YOUR INSTRUCTIONS:
Filter this material down to the lines that hold "fixes", copying each one.
Top of DATASET CONTENT
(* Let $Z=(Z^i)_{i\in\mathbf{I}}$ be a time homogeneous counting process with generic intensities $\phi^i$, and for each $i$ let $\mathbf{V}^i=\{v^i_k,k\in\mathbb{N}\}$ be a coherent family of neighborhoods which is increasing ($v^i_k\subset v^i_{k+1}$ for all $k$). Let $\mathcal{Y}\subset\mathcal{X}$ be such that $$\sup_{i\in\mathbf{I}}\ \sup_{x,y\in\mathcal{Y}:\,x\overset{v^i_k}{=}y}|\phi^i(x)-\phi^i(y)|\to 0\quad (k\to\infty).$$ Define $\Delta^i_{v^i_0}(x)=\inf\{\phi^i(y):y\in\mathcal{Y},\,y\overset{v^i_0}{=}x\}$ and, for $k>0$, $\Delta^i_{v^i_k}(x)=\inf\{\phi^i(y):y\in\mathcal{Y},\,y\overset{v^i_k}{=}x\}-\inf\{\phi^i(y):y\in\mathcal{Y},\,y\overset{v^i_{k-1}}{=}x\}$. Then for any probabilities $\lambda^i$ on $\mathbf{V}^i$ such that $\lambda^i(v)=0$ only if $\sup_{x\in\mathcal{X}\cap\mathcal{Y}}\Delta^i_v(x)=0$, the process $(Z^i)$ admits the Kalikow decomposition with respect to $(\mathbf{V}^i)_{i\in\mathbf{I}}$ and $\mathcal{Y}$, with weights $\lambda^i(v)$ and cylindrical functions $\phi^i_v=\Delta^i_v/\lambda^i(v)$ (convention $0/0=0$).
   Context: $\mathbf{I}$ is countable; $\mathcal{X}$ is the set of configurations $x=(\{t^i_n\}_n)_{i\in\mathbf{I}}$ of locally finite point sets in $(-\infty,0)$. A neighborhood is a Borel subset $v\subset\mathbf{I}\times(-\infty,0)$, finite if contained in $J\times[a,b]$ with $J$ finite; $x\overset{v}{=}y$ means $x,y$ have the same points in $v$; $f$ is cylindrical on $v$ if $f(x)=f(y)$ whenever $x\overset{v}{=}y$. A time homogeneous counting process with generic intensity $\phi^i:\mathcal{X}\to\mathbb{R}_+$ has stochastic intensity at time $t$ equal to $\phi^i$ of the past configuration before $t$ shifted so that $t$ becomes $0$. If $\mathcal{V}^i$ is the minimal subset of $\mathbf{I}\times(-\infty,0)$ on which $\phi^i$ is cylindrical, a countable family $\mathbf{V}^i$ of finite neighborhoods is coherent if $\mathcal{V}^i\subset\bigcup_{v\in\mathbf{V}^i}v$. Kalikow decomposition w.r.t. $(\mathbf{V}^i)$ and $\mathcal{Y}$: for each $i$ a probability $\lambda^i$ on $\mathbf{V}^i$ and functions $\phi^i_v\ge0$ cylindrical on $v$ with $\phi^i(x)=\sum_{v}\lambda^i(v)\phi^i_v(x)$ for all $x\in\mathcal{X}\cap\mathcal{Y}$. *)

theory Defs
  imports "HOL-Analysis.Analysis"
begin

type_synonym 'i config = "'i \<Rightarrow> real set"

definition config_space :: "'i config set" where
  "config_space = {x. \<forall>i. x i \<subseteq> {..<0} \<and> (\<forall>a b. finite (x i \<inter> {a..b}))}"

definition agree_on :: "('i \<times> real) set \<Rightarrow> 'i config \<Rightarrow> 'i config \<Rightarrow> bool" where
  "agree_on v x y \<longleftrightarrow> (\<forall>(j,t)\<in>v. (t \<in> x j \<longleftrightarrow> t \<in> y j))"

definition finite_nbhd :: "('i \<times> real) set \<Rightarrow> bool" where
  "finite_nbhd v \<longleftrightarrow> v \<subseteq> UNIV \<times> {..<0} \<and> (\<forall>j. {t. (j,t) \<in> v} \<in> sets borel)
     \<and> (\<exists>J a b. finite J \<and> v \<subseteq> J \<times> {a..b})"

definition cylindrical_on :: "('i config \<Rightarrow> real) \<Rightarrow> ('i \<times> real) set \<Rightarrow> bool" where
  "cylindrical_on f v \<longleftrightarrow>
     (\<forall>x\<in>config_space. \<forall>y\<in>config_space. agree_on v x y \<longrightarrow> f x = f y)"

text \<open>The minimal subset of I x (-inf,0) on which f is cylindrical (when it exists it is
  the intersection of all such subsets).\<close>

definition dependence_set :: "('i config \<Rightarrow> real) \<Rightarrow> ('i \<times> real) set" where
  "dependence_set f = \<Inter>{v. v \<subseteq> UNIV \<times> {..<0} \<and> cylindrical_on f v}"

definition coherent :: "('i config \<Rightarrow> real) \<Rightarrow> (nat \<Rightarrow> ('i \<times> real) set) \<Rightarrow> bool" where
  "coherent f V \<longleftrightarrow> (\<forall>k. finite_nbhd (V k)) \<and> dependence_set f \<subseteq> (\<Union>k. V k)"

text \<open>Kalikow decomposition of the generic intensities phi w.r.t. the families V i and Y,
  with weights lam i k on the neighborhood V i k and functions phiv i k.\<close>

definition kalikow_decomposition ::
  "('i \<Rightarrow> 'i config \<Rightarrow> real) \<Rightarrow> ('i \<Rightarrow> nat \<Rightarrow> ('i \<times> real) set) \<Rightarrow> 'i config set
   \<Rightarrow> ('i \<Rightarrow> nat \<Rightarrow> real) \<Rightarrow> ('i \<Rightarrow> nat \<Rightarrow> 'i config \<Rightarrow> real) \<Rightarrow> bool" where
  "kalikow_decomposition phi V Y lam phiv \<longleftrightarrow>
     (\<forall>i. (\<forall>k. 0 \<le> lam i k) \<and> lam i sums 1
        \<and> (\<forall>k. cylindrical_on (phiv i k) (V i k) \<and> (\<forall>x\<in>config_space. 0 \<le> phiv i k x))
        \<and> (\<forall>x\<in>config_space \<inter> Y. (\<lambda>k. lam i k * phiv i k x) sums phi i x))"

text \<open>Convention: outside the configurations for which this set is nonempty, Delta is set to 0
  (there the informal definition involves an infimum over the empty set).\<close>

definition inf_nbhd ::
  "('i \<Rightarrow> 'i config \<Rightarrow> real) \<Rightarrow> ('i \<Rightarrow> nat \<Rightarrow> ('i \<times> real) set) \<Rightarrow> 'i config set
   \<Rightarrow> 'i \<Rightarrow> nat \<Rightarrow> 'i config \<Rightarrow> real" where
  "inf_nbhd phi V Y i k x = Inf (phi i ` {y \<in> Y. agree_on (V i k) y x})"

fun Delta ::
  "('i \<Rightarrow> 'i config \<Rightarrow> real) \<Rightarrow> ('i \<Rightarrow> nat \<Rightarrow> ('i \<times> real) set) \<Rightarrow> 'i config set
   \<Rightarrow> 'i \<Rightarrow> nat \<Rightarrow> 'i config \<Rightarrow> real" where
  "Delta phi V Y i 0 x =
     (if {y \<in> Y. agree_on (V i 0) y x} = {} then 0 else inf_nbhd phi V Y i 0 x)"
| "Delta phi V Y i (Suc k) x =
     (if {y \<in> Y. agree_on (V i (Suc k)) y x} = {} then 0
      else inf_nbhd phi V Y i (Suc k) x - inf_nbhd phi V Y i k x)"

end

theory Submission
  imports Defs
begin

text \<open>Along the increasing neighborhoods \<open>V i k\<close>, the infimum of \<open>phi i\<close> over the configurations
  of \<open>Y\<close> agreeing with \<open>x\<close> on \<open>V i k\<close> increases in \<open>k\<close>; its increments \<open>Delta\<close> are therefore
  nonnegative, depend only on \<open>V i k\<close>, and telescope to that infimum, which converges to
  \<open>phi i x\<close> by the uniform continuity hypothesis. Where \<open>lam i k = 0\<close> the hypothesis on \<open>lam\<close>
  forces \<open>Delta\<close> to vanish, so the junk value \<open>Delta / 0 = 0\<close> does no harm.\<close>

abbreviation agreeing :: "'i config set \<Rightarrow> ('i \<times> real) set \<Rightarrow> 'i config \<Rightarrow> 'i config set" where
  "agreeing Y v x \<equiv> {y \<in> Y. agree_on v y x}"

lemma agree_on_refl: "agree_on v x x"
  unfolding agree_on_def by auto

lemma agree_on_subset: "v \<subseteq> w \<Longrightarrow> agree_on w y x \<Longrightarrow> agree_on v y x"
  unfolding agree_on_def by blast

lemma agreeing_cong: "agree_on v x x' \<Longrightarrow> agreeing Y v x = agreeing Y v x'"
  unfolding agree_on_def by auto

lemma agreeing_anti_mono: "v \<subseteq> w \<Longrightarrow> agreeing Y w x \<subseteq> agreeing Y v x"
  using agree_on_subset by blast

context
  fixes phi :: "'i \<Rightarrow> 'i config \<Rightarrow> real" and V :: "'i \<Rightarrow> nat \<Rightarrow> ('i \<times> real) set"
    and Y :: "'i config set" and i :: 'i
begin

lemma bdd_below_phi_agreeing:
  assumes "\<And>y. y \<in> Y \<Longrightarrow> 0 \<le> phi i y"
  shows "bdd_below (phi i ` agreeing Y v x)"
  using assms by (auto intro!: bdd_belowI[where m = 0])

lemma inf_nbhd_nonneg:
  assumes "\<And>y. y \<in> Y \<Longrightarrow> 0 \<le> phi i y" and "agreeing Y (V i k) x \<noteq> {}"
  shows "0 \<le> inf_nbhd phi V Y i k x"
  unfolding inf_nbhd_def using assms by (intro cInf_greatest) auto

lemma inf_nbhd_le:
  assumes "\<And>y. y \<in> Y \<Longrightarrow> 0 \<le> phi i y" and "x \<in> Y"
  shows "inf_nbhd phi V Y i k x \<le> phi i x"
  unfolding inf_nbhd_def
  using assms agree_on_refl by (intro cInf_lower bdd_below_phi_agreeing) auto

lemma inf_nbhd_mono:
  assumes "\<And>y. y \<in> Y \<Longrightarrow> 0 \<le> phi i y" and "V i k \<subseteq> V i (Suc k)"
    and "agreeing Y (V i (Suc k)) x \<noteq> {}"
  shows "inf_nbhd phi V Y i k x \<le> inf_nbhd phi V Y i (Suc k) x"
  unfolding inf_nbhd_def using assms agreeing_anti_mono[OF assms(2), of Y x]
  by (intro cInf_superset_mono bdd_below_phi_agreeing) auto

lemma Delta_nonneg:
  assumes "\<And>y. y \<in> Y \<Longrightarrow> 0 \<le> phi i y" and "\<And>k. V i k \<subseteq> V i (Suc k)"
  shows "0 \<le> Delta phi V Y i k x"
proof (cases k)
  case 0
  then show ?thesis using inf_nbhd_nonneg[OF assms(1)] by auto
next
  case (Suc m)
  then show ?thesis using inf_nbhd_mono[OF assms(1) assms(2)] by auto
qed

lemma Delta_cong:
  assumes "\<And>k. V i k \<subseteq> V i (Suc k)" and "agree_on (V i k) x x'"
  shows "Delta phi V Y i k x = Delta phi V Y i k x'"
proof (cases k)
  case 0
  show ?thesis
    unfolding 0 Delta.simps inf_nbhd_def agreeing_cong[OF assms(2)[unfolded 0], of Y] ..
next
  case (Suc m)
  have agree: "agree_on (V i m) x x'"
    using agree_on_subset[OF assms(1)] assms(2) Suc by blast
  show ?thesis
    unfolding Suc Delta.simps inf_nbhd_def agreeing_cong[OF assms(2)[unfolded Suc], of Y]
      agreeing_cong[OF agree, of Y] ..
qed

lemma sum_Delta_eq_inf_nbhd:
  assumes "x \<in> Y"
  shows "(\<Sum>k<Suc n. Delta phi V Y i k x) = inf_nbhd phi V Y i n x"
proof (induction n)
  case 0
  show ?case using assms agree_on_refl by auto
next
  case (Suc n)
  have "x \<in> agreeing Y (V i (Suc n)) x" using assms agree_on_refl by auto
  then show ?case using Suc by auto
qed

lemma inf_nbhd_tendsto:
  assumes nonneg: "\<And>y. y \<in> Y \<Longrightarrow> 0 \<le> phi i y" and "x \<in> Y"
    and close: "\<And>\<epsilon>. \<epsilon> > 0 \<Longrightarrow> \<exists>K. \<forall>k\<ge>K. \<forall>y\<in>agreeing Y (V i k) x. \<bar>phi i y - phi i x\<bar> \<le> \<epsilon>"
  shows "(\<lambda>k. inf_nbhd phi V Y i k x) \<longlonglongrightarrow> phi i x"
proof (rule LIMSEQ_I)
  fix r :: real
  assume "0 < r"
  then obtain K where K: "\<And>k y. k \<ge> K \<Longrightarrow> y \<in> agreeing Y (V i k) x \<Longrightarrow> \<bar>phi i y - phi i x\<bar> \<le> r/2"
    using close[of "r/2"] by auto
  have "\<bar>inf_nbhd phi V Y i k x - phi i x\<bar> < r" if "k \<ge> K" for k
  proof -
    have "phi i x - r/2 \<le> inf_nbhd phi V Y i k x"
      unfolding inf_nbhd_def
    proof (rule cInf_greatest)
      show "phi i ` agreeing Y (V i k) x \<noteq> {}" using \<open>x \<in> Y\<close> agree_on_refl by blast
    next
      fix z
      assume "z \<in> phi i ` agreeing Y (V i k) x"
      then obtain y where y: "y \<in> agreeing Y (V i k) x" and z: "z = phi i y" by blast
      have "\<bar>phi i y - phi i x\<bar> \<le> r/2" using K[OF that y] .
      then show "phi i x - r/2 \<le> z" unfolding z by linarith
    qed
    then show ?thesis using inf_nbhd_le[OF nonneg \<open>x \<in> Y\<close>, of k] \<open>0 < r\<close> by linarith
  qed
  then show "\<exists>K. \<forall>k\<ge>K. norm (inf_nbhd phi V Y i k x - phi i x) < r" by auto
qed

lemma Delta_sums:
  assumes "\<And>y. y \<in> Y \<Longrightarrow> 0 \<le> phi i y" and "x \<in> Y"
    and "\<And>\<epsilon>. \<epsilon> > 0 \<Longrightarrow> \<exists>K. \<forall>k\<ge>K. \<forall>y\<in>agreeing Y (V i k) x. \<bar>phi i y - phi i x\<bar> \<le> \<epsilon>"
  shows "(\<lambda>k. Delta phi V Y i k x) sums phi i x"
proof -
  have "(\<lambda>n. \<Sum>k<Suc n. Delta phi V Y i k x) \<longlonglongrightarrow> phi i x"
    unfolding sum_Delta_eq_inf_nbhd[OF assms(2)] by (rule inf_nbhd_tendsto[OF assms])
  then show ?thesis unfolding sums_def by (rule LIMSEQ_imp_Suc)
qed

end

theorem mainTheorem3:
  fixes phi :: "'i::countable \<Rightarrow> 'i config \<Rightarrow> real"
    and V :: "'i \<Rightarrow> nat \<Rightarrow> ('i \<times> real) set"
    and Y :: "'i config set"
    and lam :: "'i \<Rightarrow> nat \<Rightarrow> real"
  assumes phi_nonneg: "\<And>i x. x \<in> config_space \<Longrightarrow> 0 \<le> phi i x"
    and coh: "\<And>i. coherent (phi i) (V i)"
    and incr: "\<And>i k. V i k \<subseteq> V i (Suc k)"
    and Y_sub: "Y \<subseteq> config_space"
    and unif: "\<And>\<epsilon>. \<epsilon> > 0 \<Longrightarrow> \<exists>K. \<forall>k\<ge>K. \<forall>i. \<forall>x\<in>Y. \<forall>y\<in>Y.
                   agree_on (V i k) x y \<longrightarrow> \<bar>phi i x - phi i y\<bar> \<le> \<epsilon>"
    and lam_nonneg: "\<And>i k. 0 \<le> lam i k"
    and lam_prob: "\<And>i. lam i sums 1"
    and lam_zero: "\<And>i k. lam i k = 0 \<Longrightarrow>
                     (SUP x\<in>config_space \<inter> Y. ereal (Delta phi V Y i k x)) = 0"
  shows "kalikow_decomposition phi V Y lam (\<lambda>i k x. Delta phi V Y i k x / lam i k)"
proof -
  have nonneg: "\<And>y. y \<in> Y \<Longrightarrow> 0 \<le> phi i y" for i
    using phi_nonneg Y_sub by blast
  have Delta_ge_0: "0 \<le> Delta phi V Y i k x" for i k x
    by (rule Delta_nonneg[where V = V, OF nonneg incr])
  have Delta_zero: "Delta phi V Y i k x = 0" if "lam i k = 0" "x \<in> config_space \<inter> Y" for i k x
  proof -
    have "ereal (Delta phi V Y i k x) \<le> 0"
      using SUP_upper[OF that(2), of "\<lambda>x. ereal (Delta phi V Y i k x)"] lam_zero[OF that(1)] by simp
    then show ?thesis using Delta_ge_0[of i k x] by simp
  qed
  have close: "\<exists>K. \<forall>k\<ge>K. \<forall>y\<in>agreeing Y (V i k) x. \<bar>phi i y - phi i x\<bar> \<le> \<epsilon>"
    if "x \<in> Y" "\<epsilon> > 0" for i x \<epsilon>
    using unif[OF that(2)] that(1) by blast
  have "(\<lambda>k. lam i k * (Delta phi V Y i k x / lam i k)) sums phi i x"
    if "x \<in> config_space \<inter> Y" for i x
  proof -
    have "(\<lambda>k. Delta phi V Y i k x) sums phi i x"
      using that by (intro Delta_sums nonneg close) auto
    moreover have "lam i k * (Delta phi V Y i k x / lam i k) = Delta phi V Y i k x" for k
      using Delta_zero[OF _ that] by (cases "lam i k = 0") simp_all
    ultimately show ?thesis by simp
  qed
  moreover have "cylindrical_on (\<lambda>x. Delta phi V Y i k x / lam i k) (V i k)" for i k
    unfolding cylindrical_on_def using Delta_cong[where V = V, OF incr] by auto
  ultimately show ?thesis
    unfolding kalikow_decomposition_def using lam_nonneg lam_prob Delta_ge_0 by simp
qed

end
Bottom of DATASET CONTENT
RESULT FOR THIS TASK:
  fixes phi :: "'i \<Rightarrow> 'i config \<Rightarrow> real" and V :: "'i \<Rightarrow> nat \<Rightarrow> ('i \<times> real) set"
  fixes phi :: "'i::countable \<Rightarrow> 'i config \<Rightarrow> real"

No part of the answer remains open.